As in the real world, students paid taxes and wrestled with the ramifications of their personal credit scores, which were calculated based on their school attendance last year. Ellis said it was eye-opening for many students to learn that better attendance this year didn’t erase the actions of the past.
“I had kids all of last year (saying), ‘I’m better now, miss, I’m better now! I’m not coming in late like I used to.’ That really had … more impact than I expected.’”
Students also spun a “wheel of fortune,” which delivered unexpected windfalls, but also costly mishaps, such as fender benders.
At the end of the exercise, students sat down with credit counselors from local banks to crunch the numbers. Those who couldn’t make ends meet were permitted to change some of their expenses or take a second job moonlighting in retail or fast food. Some opted to get roommates, or to eat more meals at home rather than eating out.
Students used their savings at the end of the month to pay for discretionary items, such as entertainment and vacations.
While students at Keefe Tech learn some basic financial skills, such as balancing a checkbook, Ellis said many won't be exposed to core concepts of personal finance until after they graduate.
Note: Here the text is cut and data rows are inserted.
(* y - xs - (\<psi> e / 2) *\<^sub>R \<phi> is the deviation of the new iterate from halving the null
   component of the error and removing its range component. *)
lemma newton_correction_bound:
  assumes x: "x \<in> ball xs \<delta>" "norm (x - xs) \<le> 1" "norm (PX (x - xs)) \<le> \<bar>\<psi> (x - xs)\<bar>"
    and t: "norm (J x (y - x) + f x) \<le> c * (norm (f x))\<^sup>2"
  defines "e \<equiv> x - xs" and "D \<equiv> MB + 9 * L + 2 * \<bar>c\<bar> * (MA + MB + 2 * L)\<^sup>2"
  shows "norm (J x (y - xs - (\<psi> e / 2) *\<^sub>R \<phi>)) \<le> D * (norm (PX e) + norm e * \<bar>\<psi> e\<bar>) * \<bar>\<psi> e\<bar>"
proof -
  define s P KF where "s = \<bar>\<psi> e\<bar>" and "P = norm (PX e) + norm e * s" and "KF = MA + MB + 2 * L"
  define d where "d = J x e - f x - (\<psi> e / 2) *\<^sub>R J x \<phi>"
  have \<epsilon>: "norm (x - xs) \<le> 2 * \<bar>\<psi> (x - xs)\<bar>"
    using norm_le_psi_plus_PX[of "x - xs"] x(3) by simp
  have P: "0 \<le> P" "P \<le> 2 * s"
    using x(2,3) mult_right_mono[OF x(2) abs_ge_zero[of "\<psi> e"]] by (simp_all add: P_def s_def e_def)
  have "J x (y - xs - (\<psi> e / 2) *\<^sub>R \<phi>) = d + (J x (y - x) + f x)"
    by (simp add: d_def e_def blinfun.bilinear_simps algebra_simps)
  then have "norm (J x (y - xs - (\<psi> e / 2) *\<^sub>R \<phi>)) \<le> norm d + norm (J x (y - x) + f x)"
    by (simp add: norm_triangle_ineq)
  moreover have "norm d \<le> (MB + 9 * L) * P * s"
    using half_step_defect_bound[OF x(1) \<epsilon>] by (simp add: d_def P_def s_def e_def)
  moreover have "norm (J x (y - x) + f x) \<le> 2 * \<bar>c\<bar> * KF\<^sup>2 * P * s"
  proof -
    have "norm (f x) \<le> KF * P"
      using residual_bound[OF x(1,2) \<epsilon>] by (simp add: KF_def P_def s_def e_def)
    then have "(norm (f x))\<^sup>2 \<le> (KF * P)\<^sup>2"
      by (rule power_mono) simp
    then have "c * (norm (f x))\<^sup>2 \<le> \<bar>c\<bar> * (KF * P)\<^sup>2"
      by (meson abs_ge_self abs_ge_zero mult_mono zero_le_power2)
    also have "\<dots> = \<bar>c\<bar> * KF\<^sup>2 * (P * P)"
      by (simp add: power2_eq_square mult_ac)
    also have "\<dots> \<le> \<bar>c\<bar> * KF\<^sup>2 * (P * (2 * s))"
      using P by (intro mult_left_mono) auto
    finally show ?thesis
      using t by (simp add: mult_ac)
  qed
  moreover have "D * P * s = (MB + 9 * L) * P * s + 2 * \<bar>c\<bar> * KF\<^sup>2 * P * s"
    by (simp add: D_def KF_def algebra_simps)
  ultimately have "norm (J x (y - xs - (\<psi> e / 2) *\<^sub>R \<phi>)) \<le> D * P * s"
    by linarith
  then show ?thesis
    by (simp add: P_def s_def)
qed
That’s in part because financial literacy isn’t a graduation requirement in Massachusetts, as it is in 27 other states, she said.
“There’s no courses or anything that they take to get them to understand this,” she said.
Lindsey Morris, president of the Framingham Rotary Club and owner of LJM Insurance, agreed the program offers valuable lessons. “Most of these kids have no idea the cost of automobile insurance for them as new drivers,” he said, “and that’s where I’m trying to say, ‘Hey, it’s very expensive, and you know, you have to just budget for that because it’s what it really is.”